*The records*:
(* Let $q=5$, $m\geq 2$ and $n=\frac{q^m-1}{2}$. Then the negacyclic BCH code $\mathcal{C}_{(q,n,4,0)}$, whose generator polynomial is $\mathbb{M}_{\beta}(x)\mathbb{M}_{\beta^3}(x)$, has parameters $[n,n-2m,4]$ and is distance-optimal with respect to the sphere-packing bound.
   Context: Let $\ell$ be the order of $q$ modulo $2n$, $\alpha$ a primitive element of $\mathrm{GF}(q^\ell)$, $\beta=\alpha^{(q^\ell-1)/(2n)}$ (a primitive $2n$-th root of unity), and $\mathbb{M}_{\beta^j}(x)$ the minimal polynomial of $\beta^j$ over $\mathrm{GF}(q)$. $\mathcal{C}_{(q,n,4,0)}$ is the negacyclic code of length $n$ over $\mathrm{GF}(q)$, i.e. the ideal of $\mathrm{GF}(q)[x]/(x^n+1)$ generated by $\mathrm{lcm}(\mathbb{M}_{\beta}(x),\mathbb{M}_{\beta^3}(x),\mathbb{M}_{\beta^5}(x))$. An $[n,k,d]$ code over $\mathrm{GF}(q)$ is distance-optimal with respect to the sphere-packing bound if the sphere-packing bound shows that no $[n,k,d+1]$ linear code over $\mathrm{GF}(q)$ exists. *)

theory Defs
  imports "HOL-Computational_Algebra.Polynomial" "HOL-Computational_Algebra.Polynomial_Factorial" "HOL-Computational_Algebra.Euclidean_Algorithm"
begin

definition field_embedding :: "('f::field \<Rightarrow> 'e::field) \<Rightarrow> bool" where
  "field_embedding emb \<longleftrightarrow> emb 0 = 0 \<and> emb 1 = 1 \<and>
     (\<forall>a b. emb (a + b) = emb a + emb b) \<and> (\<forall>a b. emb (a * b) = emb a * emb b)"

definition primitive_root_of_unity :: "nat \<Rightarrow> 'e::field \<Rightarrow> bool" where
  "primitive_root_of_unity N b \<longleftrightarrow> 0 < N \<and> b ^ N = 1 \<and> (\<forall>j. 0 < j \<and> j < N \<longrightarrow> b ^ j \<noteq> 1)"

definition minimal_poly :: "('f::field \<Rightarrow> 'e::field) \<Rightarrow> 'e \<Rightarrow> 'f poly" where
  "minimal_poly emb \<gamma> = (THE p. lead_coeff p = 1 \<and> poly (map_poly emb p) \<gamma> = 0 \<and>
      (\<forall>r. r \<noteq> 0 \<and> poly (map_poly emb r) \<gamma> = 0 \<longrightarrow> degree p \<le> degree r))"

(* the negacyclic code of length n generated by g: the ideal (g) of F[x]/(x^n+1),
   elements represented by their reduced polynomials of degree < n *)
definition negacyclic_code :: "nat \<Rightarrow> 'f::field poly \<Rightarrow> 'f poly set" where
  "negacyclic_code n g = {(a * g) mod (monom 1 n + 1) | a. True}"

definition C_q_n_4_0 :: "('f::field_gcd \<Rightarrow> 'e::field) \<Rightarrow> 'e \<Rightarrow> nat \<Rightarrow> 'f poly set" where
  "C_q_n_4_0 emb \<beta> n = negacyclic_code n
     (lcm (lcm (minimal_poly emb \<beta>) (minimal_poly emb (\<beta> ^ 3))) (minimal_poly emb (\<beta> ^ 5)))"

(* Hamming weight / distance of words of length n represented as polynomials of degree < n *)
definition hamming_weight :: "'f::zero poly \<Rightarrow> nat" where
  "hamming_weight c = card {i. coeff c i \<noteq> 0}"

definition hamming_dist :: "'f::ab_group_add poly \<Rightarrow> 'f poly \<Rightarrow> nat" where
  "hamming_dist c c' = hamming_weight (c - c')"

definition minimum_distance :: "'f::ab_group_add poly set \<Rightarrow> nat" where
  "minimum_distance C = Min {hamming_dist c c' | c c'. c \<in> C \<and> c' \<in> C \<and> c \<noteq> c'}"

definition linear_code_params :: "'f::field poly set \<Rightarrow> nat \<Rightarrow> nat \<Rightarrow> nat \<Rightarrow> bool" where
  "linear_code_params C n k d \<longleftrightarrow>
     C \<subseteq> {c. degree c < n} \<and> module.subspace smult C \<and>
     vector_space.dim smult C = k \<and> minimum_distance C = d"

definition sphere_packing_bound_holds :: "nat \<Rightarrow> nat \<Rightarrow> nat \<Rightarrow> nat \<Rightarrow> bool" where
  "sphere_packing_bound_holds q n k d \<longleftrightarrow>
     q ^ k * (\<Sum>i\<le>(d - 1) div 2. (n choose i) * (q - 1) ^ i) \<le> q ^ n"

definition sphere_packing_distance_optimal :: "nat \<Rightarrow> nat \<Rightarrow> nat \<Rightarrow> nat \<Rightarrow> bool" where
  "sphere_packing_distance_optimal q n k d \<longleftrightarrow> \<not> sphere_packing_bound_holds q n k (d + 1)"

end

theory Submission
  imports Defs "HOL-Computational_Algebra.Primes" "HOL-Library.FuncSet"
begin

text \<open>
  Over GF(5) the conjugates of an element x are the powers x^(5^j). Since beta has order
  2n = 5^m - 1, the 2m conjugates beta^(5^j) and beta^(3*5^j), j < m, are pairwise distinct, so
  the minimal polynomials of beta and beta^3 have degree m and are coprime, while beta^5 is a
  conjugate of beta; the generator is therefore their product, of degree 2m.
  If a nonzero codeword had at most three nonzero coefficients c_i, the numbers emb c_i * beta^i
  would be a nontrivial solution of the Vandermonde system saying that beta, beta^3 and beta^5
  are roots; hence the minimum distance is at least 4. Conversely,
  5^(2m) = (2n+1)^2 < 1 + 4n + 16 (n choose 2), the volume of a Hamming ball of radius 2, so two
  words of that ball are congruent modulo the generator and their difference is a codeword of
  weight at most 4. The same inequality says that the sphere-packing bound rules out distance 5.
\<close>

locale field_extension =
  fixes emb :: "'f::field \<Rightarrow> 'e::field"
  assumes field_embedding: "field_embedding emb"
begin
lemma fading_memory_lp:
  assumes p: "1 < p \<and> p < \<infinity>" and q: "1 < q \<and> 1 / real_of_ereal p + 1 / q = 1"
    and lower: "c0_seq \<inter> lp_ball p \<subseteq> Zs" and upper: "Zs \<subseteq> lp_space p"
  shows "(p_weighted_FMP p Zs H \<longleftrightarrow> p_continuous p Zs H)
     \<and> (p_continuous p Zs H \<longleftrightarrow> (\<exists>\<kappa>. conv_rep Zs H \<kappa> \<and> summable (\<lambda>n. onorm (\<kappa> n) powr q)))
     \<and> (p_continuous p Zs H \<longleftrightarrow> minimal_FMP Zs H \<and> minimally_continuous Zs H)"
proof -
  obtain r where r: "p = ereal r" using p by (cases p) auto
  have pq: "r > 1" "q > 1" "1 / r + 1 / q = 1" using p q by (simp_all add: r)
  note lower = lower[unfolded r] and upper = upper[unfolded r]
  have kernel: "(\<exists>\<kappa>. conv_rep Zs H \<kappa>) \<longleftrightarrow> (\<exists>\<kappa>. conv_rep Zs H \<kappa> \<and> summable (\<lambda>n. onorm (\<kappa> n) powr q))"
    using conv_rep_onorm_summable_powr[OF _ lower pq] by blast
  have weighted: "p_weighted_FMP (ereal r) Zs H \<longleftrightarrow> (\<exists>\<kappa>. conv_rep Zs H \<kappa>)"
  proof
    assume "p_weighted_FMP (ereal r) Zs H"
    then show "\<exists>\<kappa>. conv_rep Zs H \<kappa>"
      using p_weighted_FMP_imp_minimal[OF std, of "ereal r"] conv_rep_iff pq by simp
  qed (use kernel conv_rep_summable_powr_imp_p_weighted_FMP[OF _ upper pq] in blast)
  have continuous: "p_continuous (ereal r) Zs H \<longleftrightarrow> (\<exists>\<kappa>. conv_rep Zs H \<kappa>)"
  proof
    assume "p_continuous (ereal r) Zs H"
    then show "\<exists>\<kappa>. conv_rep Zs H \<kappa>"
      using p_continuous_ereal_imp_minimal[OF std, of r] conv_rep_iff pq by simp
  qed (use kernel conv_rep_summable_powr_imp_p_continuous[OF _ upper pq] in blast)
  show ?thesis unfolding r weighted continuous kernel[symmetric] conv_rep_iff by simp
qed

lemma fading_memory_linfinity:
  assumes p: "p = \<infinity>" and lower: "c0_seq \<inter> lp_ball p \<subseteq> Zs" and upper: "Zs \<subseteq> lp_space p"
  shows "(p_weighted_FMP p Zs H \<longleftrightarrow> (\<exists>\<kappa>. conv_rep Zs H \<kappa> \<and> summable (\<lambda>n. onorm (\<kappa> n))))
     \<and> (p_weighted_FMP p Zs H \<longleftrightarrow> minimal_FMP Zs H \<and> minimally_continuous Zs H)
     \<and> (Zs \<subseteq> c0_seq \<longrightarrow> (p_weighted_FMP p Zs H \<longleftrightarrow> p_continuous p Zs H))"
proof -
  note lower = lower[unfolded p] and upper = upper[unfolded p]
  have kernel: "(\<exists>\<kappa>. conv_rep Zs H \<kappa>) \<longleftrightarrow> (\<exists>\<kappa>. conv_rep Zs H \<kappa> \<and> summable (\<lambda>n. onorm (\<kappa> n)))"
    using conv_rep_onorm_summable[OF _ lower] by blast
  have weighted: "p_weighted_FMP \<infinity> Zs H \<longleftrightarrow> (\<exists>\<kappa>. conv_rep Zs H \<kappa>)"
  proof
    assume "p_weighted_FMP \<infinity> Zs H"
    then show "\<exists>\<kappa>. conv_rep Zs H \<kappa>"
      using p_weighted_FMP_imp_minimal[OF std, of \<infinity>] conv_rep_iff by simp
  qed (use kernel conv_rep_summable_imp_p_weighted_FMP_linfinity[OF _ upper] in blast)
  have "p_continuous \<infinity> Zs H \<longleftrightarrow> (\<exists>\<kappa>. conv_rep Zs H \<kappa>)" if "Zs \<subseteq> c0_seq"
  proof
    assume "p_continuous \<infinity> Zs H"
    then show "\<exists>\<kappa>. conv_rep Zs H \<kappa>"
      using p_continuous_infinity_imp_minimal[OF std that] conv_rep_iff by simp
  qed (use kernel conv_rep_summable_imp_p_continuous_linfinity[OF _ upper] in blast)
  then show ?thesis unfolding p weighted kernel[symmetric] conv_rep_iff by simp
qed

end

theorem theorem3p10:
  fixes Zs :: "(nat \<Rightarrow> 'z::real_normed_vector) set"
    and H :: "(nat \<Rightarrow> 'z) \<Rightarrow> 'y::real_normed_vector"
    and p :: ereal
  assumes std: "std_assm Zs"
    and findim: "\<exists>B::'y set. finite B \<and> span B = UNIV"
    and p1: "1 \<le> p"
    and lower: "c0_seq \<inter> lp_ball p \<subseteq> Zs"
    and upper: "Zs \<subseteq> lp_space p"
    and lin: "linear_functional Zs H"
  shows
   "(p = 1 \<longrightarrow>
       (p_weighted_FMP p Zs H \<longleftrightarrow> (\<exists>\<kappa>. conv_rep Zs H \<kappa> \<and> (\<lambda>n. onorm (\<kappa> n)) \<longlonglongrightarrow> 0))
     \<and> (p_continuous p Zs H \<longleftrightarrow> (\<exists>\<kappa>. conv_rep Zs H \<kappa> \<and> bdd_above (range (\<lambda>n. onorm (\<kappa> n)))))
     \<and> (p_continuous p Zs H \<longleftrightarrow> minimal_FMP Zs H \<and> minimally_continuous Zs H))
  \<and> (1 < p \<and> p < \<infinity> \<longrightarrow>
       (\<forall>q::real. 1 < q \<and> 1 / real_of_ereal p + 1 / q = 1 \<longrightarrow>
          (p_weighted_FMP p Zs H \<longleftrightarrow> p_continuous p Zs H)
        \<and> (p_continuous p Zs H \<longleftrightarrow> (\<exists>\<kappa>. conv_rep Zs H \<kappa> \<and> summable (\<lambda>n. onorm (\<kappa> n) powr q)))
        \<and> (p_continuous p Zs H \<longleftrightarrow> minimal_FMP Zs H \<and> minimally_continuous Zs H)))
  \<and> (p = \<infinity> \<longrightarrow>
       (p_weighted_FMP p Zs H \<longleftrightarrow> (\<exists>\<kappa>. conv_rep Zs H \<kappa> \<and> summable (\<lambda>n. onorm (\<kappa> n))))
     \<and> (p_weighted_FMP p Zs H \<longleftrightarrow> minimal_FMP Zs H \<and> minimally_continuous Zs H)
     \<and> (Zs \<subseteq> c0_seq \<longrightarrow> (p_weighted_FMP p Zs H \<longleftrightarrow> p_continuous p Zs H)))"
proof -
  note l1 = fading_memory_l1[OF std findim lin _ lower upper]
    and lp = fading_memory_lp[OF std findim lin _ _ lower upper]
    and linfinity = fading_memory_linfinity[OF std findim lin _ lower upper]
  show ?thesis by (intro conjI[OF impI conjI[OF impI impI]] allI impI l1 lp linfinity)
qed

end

*Task directions*: Precisely the lines between those holding "(lcm (lcm (minimal_poly" and "c i \<noteq>", inclusive, are to be reproduced from the listing above, with nothing added.

*Answer space*:
     (lcm (lcm (minimal_poly emb \<beta>) (minimal_poly emb (\<beta> ^ 3))) (minimal_poly emb (\<beta> ^ 5)))"

(* Hamming weight / distance of words of length n represented as polynomials of degree < n *)
definition hamming_weight :: "'f::zero poly \<Rightarrow> nat" where
  "hamming_weight c = card {i. coeff c i \<noteq> 0}"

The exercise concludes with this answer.